◆ Exercise directions: Your reply must be one number: the count of lines in the data below that contain "lemma".

Saved entries:
----------------------------------------
(* For all real numbers $a,b,c>0$, \[ \frac{54abc + (a+b+c)^{3}}{\left(\sqrt{a^{2}+2bc} + \sqrt{2ab+c^{2}} + \sqrt{2ac+b^{2}}\right)^{2}} \leq a+b+c. \] *)

theory Defs
  imports Complex_Main
begin

end

theory Submission
  imports Defs
begin

text \<open>Substitute \<open>a = x\<^sup>2\<close>, \<open>b = y\<^sup>2\<close>, \<open>c = z\<^sup>2\<close> and write \<open>P, Q, R\<close> for the three radicands.
  Since \<open>P + Q + R = (a + b + c)\<^sup>2\<close>, the claim is equivalent to
  \<open>27 a b c \<le> (a + b + c) (\<surd>P \<surd>Q + \<surd>P \<surd>R + \<surd>Q \<surd>R)\<close>.
  Each product of two roots dominates an explicit polynomial, e.g.
  \<open>\<surd>P \<surd>Q \<ge> x\<^sup>2z\<^sup>2 + 2xy\<^sup>2z\<close>, because \<open>PQ\<close> minus its square is \<open>2y\<^sup>2(x\<^sup>3 - z\<^sup>3)\<^sup>2\<close>.
  The sum of these three polynomials times \<open>x\<^sup>2 + y\<^sup>2 + z\<^sup>2\<close> is at least \<open>27x\<^sup>2y\<^sup>2z\<^sup>2\<close> by AM-GM.\<close>

lemma cross_term_le_sqrt_mult:
  fixes u v w :: real
  shows "u\<^sup>2 * w\<^sup>2 + 2 * u * v\<^sup>2 * w \<le> sqrt (u^4 + 2 * v\<^sup>2 * w\<^sup>2) * sqrt (w^4 + 2 * u\<^sup>2 * v\<^sup>2)"
proof -
  have "(u^4 + 2 * v\<^sup>2 * w\<^sup>2) * (w^4 + 2 * u\<^sup>2 * v\<^sup>2) - (u\<^sup>2 * w\<^sup>2 + 2 * u * v\<^sup>2 * w)\<^sup>2
          = 2 * v\<^sup>2 * (u^3 - w^3)\<^sup>2"
    by (simp add: algebra_simps power2_eq_square power3_eq_cube power4_eq_xxxx)
  then have "(u\<^sup>2 * w\<^sup>2 + 2 * u * v\<^sup>2 * w)\<^sup>2 \<le> (u^4 + 2 * v\<^sup>2 * w\<^sup>2) * (w^4 + 2 * u\<^sup>2 * v\<^sup>2)"
    by (smt (verit) zero_le_power2 mult_nonneg_nonneg)
  then show ?thesis
    by (simp add: real_le_rsqrt flip: real_sqrt_mult)
qed

lemma sum_mult_sum_pair_prod_ge:
  fixes p q r :: real
  assumes "p \<ge> 0" "q \<ge> 0" "r \<ge> 0"
  shows "9 * (p * q * r) \<le> (p + q + r) * (p * q + q * r + r * p)"
proof -
  have "(p + q + r) * (p * q + q * r + r * p) - 9 * (p * q * r)
          = p * (q - r)\<^sup>2 + q * (r - p)\<^sup>2 + r * (p - q)\<^sup>2"
    by (simp add: algebra_simps power2_eq_square)
  moreover have "p * (q - r)\<^sup>2 + q * (r - p)\<^sup>2 + r * (p - q)\<^sup>2 \<ge> 0"
    using assms by simp
  ultimately show ?thesis by linarith
qed

lemma sum_pair_prod_le_sum_squares:
  fixes x y z :: real
  shows "x * y + y * z + z * x \<le> x\<^sup>2 + y\<^sup>2 + z\<^sup>2"
proof -
  have "x\<^sup>2 + y\<^sup>2 + z\<^sup>2 - (x * y + y * z + z * x) = ((x - y)\<^sup>2 + (y - z)\<^sup>2 + (z - x)\<^sup>2) / 2"
    by (simp add: algebra_simps power2_eq_square)
  moreover have "((x - y)\<^sup>2 + (y - z)\<^sup>2 + (z - x)\<^sup>2) / 2 \<ge> 0"
    by simp
  ultimately show ?thesis
    by linarith
qed

lemma cross_terms_amgm:
  fixes x y z :: real
  assumes "x \<ge> 0" "y \<ge> 0" "z \<ge> 0"
  shows "27 * (x\<^sup>2 * y\<^sup>2 * z\<^sup>2)
           \<le> (x\<^sup>2 + y\<^sup>2 + z\<^sup>2) * ((x\<^sup>2 * z\<^sup>2 + 2 * x * y\<^sup>2 * z) + (x\<^sup>2 * y\<^sup>2 + 2 * x * z\<^sup>2 * y)
                                   + (z\<^sup>2 * y\<^sup>2 + 2 * z * x\<^sup>2 * y))"
proof -
  define s where "s = x\<^sup>2 + y\<^sup>2 + z\<^sup>2"
  have s_nonneg: "s \<ge> 0" and xyz_nonneg: "x * y * z \<ge> 0"
    using assms by (simp_all add: s_def)
  have squares: "9 * (x\<^sup>2 * y\<^sup>2 * z\<^sup>2) \<le> s * (x\<^sup>2 * y\<^sup>2 + y\<^sup>2 * z\<^sup>2 + z\<^sup>2 * x\<^sup>2)"
    using sum_mult_sum_pair_prod_ge[of "x\<^sup>2" "y\<^sup>2" "z\<^sup>2"] by (simp add: s_def)
  have "9 * (x * y * z) \<le> (x + y + z) * (x * y + y * z + z * x)"
    using sum_mult_sum_pair_prod_ge assms by blast
  also have "\<dots> \<le> (x + y + z) * s"
    using sum_pair_prod_le_sum_squares[of x y z] assms by (simp add: s_def mult_left_mono)
  finally have "x * y * z * (9 * (x * y * z)) \<le> x * y * z * ((x + y + z) * s)"
    using xyz_nonneg by (rule mult_left_mono)
  then have mixed: "9 * (x\<^sup>2 * y\<^sup>2 * z\<^sup>2) \<le> s * (x * y * z * (x + y + z))"
    by (simp add: algebra_simps power2_eq_square)
  have "s * ((x\<^sup>2 * z\<^sup>2 + 2 * x * y\<^sup>2 * z) + (x\<^sup>2 * y\<^sup>2 + 2 * x * z\<^sup>2 * y) + (z\<^sup>2 * y\<^sup>2 + 2 * z * x\<^sup>2 * y))
          = s * (x\<^sup>2 * y\<^sup>2 + y\<^sup>2 * z\<^sup>2 + z\<^sup>2 * x\<^sup>2) + 2 * (s * (x * y * z * (x + y + z)))"
    by (simp add: algebra_simps power2_eq_square)
  with squares mixed show ?thesis
    unfolding s_def[symmetric] by linarith
qed

lemma sum_sqrt_radicands_bound:
  fixes x y z :: real
  assumes "x \<ge> 0" "y \<ge> 0" "z \<ge> 0"
  defines "P \<equiv> x^4 + 2 * y\<^sup>2 * z\<^sup>2"
    and "Q \<equiv> 2 * x\<^sup>2 * y\<^sup>2 + z^4"
    and "R \<equiv> 2 * x\<^sup>2 * z\<^sup>2 + y^4"
  shows "54 * x\<^sup>2 * y\<^sup>2 * z\<^sup>2 + (x\<^sup>2 + y\<^sup>2 + z\<^sup>2) ^ 3
           \<le> (x\<^sup>2 + y\<^sup>2 + z\<^sup>2) * (sqrt P + sqrt Q + sqrt R)\<^sup>2"
proof -
  define s where "s = x\<^sup>2 + y\<^sup>2 + z\<^sup>2"
  define T where "T = sqrt P * sqrt Q + sqrt P * sqrt R + sqrt Q * sqrt R"
  have "P \<ge> 0" "Q \<ge> 0" "R \<ge> 0"
    by (simp_all add: P_def Q_def R_def)
  then have "(sqrt P + sqrt Q + sqrt R)\<^sup>2 = s\<^sup>2 + 2 * T"
    by (simp add: power2_eq_square power4_eq_xxxx algebra_simps P_def Q_def R_def s_def T_def)
  then have expand: "s * (sqrt P + sqrt Q + sqrt R)\<^sup>2 = s ^ 3 + 2 * (s * T)"
    by (simp add: power2_eq_square power3_eq_cube distrib_left)
  have "sqrt P * sqrt Q \<ge> x\<^sup>2 * z\<^sup>2 + 2 * x * y\<^sup>2 * z"
    using cross_term_le_sqrt_mult[where u = x and v = y and w = z] by (simp add: P_def Q_def algebra_simps)
  moreover have "sqrt P * sqrt R \<ge> x\<^sup>2 * y\<^sup>2 + 2 * x * z\<^sup>2 * y"
    using cross_term_le_sqrt_mult[where u = x and v = z and w = y] by (simp add: P_def R_def algebra_simps)
  moreover have "sqrt Q * sqrt R \<ge> z\<^sup>2 * y\<^sup>2 + 2 * z * x\<^sup>2 * y"
    using cross_term_le_sqrt_mult[where u = z and v = x and w = y] by (simp add: Q_def R_def algebra_simps)
  ultimately have "(x\<^sup>2 * z\<^sup>2 + 2 * x * y\<^sup>2 * z) + (x\<^sup>2 * y\<^sup>2 + 2 * x * z\<^sup>2 * y) + (z\<^sup>2 * y\<^sup>2 + 2 * z * x\<^sup>2 * y) \<le> T"
    unfolding T_def by linarith
  then have "s * ((x\<^sup>2 * z\<^sup>2 + 2 * x * y\<^sup>2 * z) + (x\<^sup>2 * y\<^sup>2 + 2 * x * z\<^sup>2 * y) + (z\<^sup>2 * y\<^sup>2 + 2 * z * x\<^sup>2 * y))
               \<le> s * T"
    by (rule mult_left_mono) (simp add: s_def)
  with cross_terms_amgm[OF assms(1-3)] have "27 * (x\<^sup>2 * y\<^sup>2 * z\<^sup>2) \<le> s * T"
    unfolding s_def by linarith
  with expand show ?thesis
    unfolding s_def[symmetric] by linarith
qed

theorem mainTheorem8:
  fixes a b c :: real
  assumes "a > 0" and "b > 0" and "c > 0"
  shows "(54 * a * b * c + (a + b + c) ^ 3) /
           (sqrt (a^2 + 2 * b * c) + sqrt (2 * a * b + c^2) + sqrt (2 * a * c + b^2)) ^ 2
         \<le> a + b + c"
proof -
  define S where "S = sqrt (a^2 + 2 * b * c) + sqrt (2 * a * b + c^2) + sqrt (2 * a * c + b^2)"
  obtain x y z :: real where nonneg: "x \<ge> 0" "y \<ge> 0" "z \<ge> 0"
    and squares: "a = x\<^sup>2" "b = y\<^sup>2" "c = z\<^sup>2"
    using assms by (metis less_eq_real_def real_sqrt_ge_zero real_sqrt_pow2)
  have "54 * a * b * c + (a + b + c) ^ 3 \<le> (a + b + c) * S\<^sup>2"
    using sum_sqrt_radicands_bound[OF nonneg]
    by (simp add: S_def squares mult.assoc mult.left_commute flip: power_mult)
  moreover have "S > 0"
    using assms by (simp add: S_def add_pos_nonneg)
  ultimately show ?thesis
    by (simp add: S_def[symmetric] divide_le_eq)
qed

end
(* Suppose the assumptions on $F$, $\xi$ and $\pi$ below hold, and fix $\varepsilon>0$, $\sigma>0$. Let $a:\mathcal P(\mathcal X)\times\mathcal X\to\mathbb R$ be any one of the following four functions: (1) $a(\mu,x)=\frac{\delta F}{\delta\mu}(\mu,x)+\sigma\log\frac{(K_\varepsilon*\mu)(x)}{\pi(x)}-\sigma\,\mathrm{KL}(K_\varepsilon*\mu\,|\,\pi)$; (2) $a(\mu,x)=\frac{\delta F}{\delta\mu}(\mu,x)+\sigma\log\frac{(K_\varepsilon*\mu)(x)}{(K_\varepsilon*\pi)(x)}-\sigma\,\mathrm{KL}(K_\varepsilon*\mu\,|\,K_\varepsilon*\pi)$; (3) $a(\mu,x)=\frac{\delta F}{\delta\mu}(\mu,x)+\sigma\Big(\log\frac{(K_\varepsilon*\mu)(x)}{\pi(x)}+\int_{\mathcal X}\frac{K_\varepsilon(x-y)}{(K_\varepsilon*\mu)(y)}\mu(dy)-\int_{\mathcal X}\log\frac{(K_\varepsilon*\mu)(z)}{\pi(z)}\mu(dz)-1\Big)$; (4) $a(\mu,x)=\frac{\delta F}{\delta\mu}(\mu,x)+\sigma\Big(K_\varepsilon*\log\frac{K_\varepsilon*\mu}{\pi}\Big)(x)-\sigma\,\mathrm{KL}(K_\varepsilon*\mu\,|\,\pi)$. Then there exist constants $M_a,L_a>0$ (depending on $\varepsilon,\sigma,d,\mathcal X,\xi,\pi,F$) such that $|a(m,x)|\le M_a$ and $|a(m,x)-a(m',y)|\le L_a(|x-y|+\mathcal W_2(m,m'))$ for all $x,y\in\mathcal X$ and $m,m'\in\mathcal P_2(\mathcal X)$.
   Context: $\mathcal X\subset\mathbb R^d$ is compact; $\mathcal W_p$ is the $p$-Wasserstein distance. Flat derivative: $F:\mathcal P(\mathcal X)\to\mathbb R$ admits a flat derivative $\frac{\delta F}{\delta\mu}:\mathcal P(\mathcal X)\times\mathcal X\to\mathbb R$ if it is continuous in the measure argument, suitably bounded, and $F(m')-F(m)=\int_0^1\int_{\mathcal X}\frac{\delta F}{\delta\mu}(m+\lambda(m'-m),x)(m'-m)(dx)\,d\lambda$ for all $m,m'$. Assumption on $F$: $F$ is lower semicontinuous w.r.t. weak convergence, bounded below by some $F_{\min}$, admits a flat derivative with $|\frac{\delta F}{\delta\mu}(\mu,x)|\le C_F$ and $|\frac{\delta F}{\delta\mu}(\mu,x)-\frac{\delta F}{\delta\mu}(\nu,y)|\le L_F(\mathcal W_2(\mu,\nu)+|x-y|)$ for all $\mu,\nu,x,y$. Assumption on the kernel: $\xi:\mathbb R^d\to\mathbb R_+$ is a smooth, Lipschitz, radial probability density with full support and finite second moment; $\xi_\varepsilon(z):=C_{\varepsilon,d}^{-1}\varepsilon^{-d}\xi(z/\varepsilon)$ where $C_{\varepsilon,d}=\int_{\mathcal X}\varepsilon^{-d}\xi(x/\varepsilon)dx$; $K_\varepsilon:=\xi_\varepsilon*\xi_\varepsilon$. For a measure $\mu$ on $\mathcal X$, $(K_\varepsilon*\mu)(x)=\int_{\mathcal X}K_\varepsilon(x-y)\mu(dy)$, and for a function $f$ on $\mathcal X$, $(K_\varepsilon*f)(x)=\int_{\mathcal X}K_\varepsilon(x-y)f(y)dy$. Assumption on $\pi$: $\pi$ is a probability density on $\mathcal X$ (w.r.t. Lebesgue measure), $\pi=e^{-U}$ with $U:\mathcal X\to\mathbb R$ continuous, and $\pi$ is Lipschitz on $\mathcal X$. For positive densities $p,q$ on $\mathcal X$, $\mathrm{KL}(p\,|\,q)=\int_{\mathcal X}p\log(p/q)\,dx$. *)

theory Defs
  imports "HOL-Analysis.Analysis" "HOL-Probability.Probability"
begin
----------------------------------------
◆ Task output: 5